Mi hermana y yoA menudo, cuando estamos un poco bajos de ánimo nos cuentan historias inspiradoras; suelen ser de personas reconocidas, hay centenares de personajes relevantes con grandes historias de superación personal. La de hoy no es relevante para la historia de la humanidad, pero desde luego es relevante para mi vida.

Silvia es una persona con carácter fuerte y grandes convicciones, siempre me ha protegido, ¡y consentido! desde niño. Nuestra infancia no tuvo muchas cosas materiales, pero desde luego no la cambio, me quedo con el crecer juntos y vivir tantos momentos felices.

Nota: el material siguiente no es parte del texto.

context
  fixes n m :: nat and s :: "nat \<Rightarrow> real" and k :: real and h :: "(nat \<Rightarrow> real) \<Rightarrow> real"
  assumes pos: "\<forall>i<n. 0 < s i" and k: "0 < k" and m: "1 \<le> m" "m \<le> n"
    and h_measurable[measurable]: "h \<in> borel_measurable (gauss_diag n s)"
    and h_bounded: "\<forall>x. 0 \<le> h x \<and> h x \<le> 1"
begin

lemma borel_measurable_chi2_statistic[measurable]:
  "chi2_statistic m s \<in> borel_measurable (gauss_diag n s)"
  using distributed_measurable[OF distributed_chi2_statistic[OF pos m]] by simp

text \<open>The likelihood ratio is a monotone function of \<open>(1 - 1/k\<^sup>2) \<chi>\<close>, where \<open>\<chi>\<close> is the
  chi-square statistic, so any region bounded by a level set of that quantity is a
  Neyman--Pearson region.\<close>
lemma scale_first_expectation_ge:
  assumes S: "S \<in> sets (gauss_diag n s)" "measure (gauss_diag n s) S = (\<integral>x. h x \<partial>gauss_diag n s)"
    and separated: "\<And>x. x \<in> space (gauss_diag n s) \<Longrightarrow>
      (x \<in> S \<and> (1 - 1/k\<^sup>2) * chi2_statistic m s x \<le> c) \<or> (x \<notin> S \<and> c \<le> (1 - 1/k\<^sup>2) * chi2_statistic m s x)"
  shows "measure (gauss_diag n (scale_first m k s)) S \<le> (\<integral>x. h x \<partial>gauss_diag n (scale_first m k s))"
proof -
  have pos': "\<forall>i<n. 0 < scale_first m k s i" using pos k by (simp add: scale_first_def)
  have lr_mono: "a \<le> b \<Longrightarrow> (1/k) ^ m * exp (a / 2) \<le> (1/k) ^ m * exp (b / 2)" for a b
    using k by (intro mult_left_mono) auto
  show ?thesis
    unfolding gauss_diag_scale_first[OF pos k m(2)]
  proof (rule neyman_pearson_lower_bound[where l = "(1/k) ^ m * exp (c / 2)"])
    show "prob_space (density (gauss_diag n s) (scale_first_lr m k s))"
      using prob_space_gauss_diag[OF pos'] by (simp add: gauss_diag_scale_first[OF pos k m(2)])
    show "scale_first_lr m k s \<in> borel_measurable (gauss_diag n s)"
      unfolding scale_first_lr_def[abs_def] by measurable
    show "\<And>x. 0 \<le> scale_first_lr m k s x"
      using k by (simp add: scale_first_lr_def)
    fix x assume "x \<in> space (gauss_diag n s)"
    with separated lr_mono show "(x \<in> S \<and> scale_first_lr m k s x \<le> (1/k) ^ m * exp (c / 2))
        \<or> (x \<notin> S \<and> (1/k) ^ m * exp (c / 2) \<le> scale_first_lr m k s x)"
      unfolding scale_first_lr_def by blast
  qed (use prob_space_gauss_diag[OF pos] S h_bounded in auto)
qed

A medida que crecimos siempre ha sido un referente, sobre todo por su valentía. Un día decidió seguir a su corazón… lo tenía en Buenos Aires, su familia, su casa, sus amigos, su trabajo… Lo dejó todo por el Flamenco y se vino a España, en gran medida mi decisión de venir ha sido gracias a ella, y no hubiera sido posible sin ella.

Es difícil equivocarse cuando sigues a tu corazón, cuando haces lo que quieres, y aunque por momentos no estuvimos tan cerca como nos hubiese gustado, yo he visto parte del proceso, la vi sobre un escenario disfrutando de su Flamenco. Hoy tiene una tienda y un taller de ropa de diseño flamenca, que comenzó cortando tela en el suelo del salón de su piso de 30 m2.

Hace unos cuantos meses tomaron otra gran decisión junto a su pareja, y en apenas días será madre de un niño que se llamará Mateo, ha sido otra decisión importante, tomada con el corazón. No puede fallar.

A menudo buscamos ejemplos en grandes personajes; Silvia es mi hermana, por la que tengo una mezcla de sentimientos, amor y admiración entre otros. ¡Gracias por ser una fuente de inspiración permanente!